[Collection entries]

────

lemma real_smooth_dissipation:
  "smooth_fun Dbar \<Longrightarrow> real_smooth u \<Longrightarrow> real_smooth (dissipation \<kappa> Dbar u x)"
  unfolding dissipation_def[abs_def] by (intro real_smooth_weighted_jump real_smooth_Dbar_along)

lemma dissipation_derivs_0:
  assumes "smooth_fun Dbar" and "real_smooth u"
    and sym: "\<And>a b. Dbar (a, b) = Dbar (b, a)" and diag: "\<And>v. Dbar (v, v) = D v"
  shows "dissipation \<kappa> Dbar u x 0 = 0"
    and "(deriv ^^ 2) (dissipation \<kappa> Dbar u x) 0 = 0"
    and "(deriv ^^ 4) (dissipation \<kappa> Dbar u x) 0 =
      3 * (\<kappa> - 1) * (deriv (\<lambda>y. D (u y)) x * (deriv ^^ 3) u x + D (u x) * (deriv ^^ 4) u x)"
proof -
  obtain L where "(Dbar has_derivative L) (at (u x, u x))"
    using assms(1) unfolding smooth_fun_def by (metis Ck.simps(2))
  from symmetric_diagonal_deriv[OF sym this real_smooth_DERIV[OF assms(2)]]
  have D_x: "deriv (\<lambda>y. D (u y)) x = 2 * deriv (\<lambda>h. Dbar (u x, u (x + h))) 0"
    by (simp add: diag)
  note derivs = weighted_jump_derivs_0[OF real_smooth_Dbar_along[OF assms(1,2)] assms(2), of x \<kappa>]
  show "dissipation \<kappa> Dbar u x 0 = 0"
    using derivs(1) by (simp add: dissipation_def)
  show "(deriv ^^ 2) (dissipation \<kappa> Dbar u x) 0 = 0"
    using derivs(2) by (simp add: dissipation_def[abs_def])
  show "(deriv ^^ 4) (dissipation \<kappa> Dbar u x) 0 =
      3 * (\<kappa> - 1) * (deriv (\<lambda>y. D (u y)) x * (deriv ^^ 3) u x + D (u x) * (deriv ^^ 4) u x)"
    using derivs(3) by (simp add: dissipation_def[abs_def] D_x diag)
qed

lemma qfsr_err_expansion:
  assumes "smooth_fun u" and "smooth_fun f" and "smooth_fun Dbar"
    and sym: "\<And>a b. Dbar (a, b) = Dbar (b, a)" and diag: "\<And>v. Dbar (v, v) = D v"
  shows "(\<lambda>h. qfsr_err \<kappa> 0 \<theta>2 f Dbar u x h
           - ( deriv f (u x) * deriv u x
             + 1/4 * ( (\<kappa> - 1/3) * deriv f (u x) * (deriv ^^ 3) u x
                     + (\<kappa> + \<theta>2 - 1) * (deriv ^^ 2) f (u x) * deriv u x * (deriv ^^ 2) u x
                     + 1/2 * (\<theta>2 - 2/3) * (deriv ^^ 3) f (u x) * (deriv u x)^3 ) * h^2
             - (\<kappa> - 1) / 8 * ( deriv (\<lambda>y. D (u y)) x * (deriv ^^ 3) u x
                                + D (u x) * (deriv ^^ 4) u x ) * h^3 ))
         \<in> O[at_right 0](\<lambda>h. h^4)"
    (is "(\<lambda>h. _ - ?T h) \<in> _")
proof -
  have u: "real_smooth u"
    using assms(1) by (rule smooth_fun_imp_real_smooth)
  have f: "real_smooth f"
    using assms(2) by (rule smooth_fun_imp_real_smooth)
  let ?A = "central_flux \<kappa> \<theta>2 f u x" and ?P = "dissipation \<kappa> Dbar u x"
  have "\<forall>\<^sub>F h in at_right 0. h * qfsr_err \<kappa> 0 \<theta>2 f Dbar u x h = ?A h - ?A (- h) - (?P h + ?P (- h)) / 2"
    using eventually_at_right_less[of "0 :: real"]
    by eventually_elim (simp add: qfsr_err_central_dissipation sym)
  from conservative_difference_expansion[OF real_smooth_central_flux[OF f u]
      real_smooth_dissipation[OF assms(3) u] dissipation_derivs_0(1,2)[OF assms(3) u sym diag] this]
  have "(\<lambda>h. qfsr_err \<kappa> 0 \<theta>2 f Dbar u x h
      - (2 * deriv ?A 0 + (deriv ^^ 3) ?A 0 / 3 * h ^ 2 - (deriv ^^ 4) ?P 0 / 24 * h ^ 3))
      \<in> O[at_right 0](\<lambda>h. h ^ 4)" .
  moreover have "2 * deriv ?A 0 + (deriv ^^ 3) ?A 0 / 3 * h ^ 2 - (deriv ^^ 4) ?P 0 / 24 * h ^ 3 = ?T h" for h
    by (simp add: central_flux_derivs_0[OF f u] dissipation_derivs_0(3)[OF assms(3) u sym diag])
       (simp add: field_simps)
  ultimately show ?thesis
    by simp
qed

────

### Exercise instructions
All that belongs in your answer is the stretch of entries above from the line with "by (simp add: diag)" through the line with "real_smooth_central_flux[OF f u]", printed exactly.

### Output of the task
    by (simp add: diag)
  note derivs = weighted_jump_derivs_0[OF real_smooth_Dbar_along[OF assms(1,2)] assms(2), of x \<kappa>]
  show "dissipation \<kappa> Dbar u x 0 = 0"
    using derivs(1) by (simp add: dissipation_def)
  show "(deriv ^^ 2) (dissipation \<kappa> Dbar u x) 0 = 0"
    using derivs(2) by (simp add: dissipation_def[abs_def])
  show "(deriv ^^ 4) (dissipation \<kappa> Dbar u x) 0 =
      3 * (\<kappa> - 1) * (deriv (\<lambda>y. D (u y)) x * (deriv ^^ 3) u x + D (u x) * (deriv ^^ 4) u x)"
    using derivs(3) by (simp add: dissipation_def[abs_def] D_x diag)
qed

lemma qfsr_err_expansion:
  assumes "smooth_fun u" and "smooth_fun f" and "smooth_fun Dbar"
    and sym: "\<And>a b. Dbar (a, b) = Dbar (b, a)" and diag: "\<And>v. Dbar (v, v) = D v"
  shows "(\<lambda>h. qfsr_err \<kappa> 0 \<theta>2 f Dbar u x h
           - ( deriv f (u x) * deriv u x
             + 1/4 * ( (\<kappa> - 1/3) * deriv f (u x) * (deriv ^^ 3) u x
                     + (\<kappa> + \<theta>2 - 1) * (deriv ^^ 2) f (u x) * deriv u x * (deriv ^^ 2) u x
                     + 1/2 * (\<theta>2 - 2/3) * (deriv ^^ 3) f (u x) * (deriv u x)^3 ) * h^2
             - (\<kappa> - 1) / 8 * ( deriv (\<lambda>y. D (u y)) x * (deriv ^^ 3) u x
                                + D (u x) * (deriv ^^ 4) u x ) * h^3 ))
         \<in> O[at_right 0](\<lambda>h. h^4)"
    (is "(\<lambda>h. _ - ?T h) \<in> _")
proof -
  have u: "real_smooth u"
    using assms(1) by (rule smooth_fun_imp_real_smooth)
  have f: "real_smooth f"
    using assms(2) by (rule smooth_fun_imp_real_smooth)
  let ?A = "central_flux \<kappa> \<theta>2 f u x" and ?P = "dissipation \<kappa> Dbar u x"
  have "\<forall>\<^sub>F h in at_right 0. h * qfsr_err \<kappa> 0 \<theta>2 f Dbar u x h = ?A h - ?A (- h) - (?P h + ?P (- h)) / 2"
    using eventually_at_right_less[of "0 :: real"]
    by eventually_elim (simp add: qfsr_err_central_dissipation sym)
  from conservative_difference_expansion[OF real_smooth_central_flux[OF f u]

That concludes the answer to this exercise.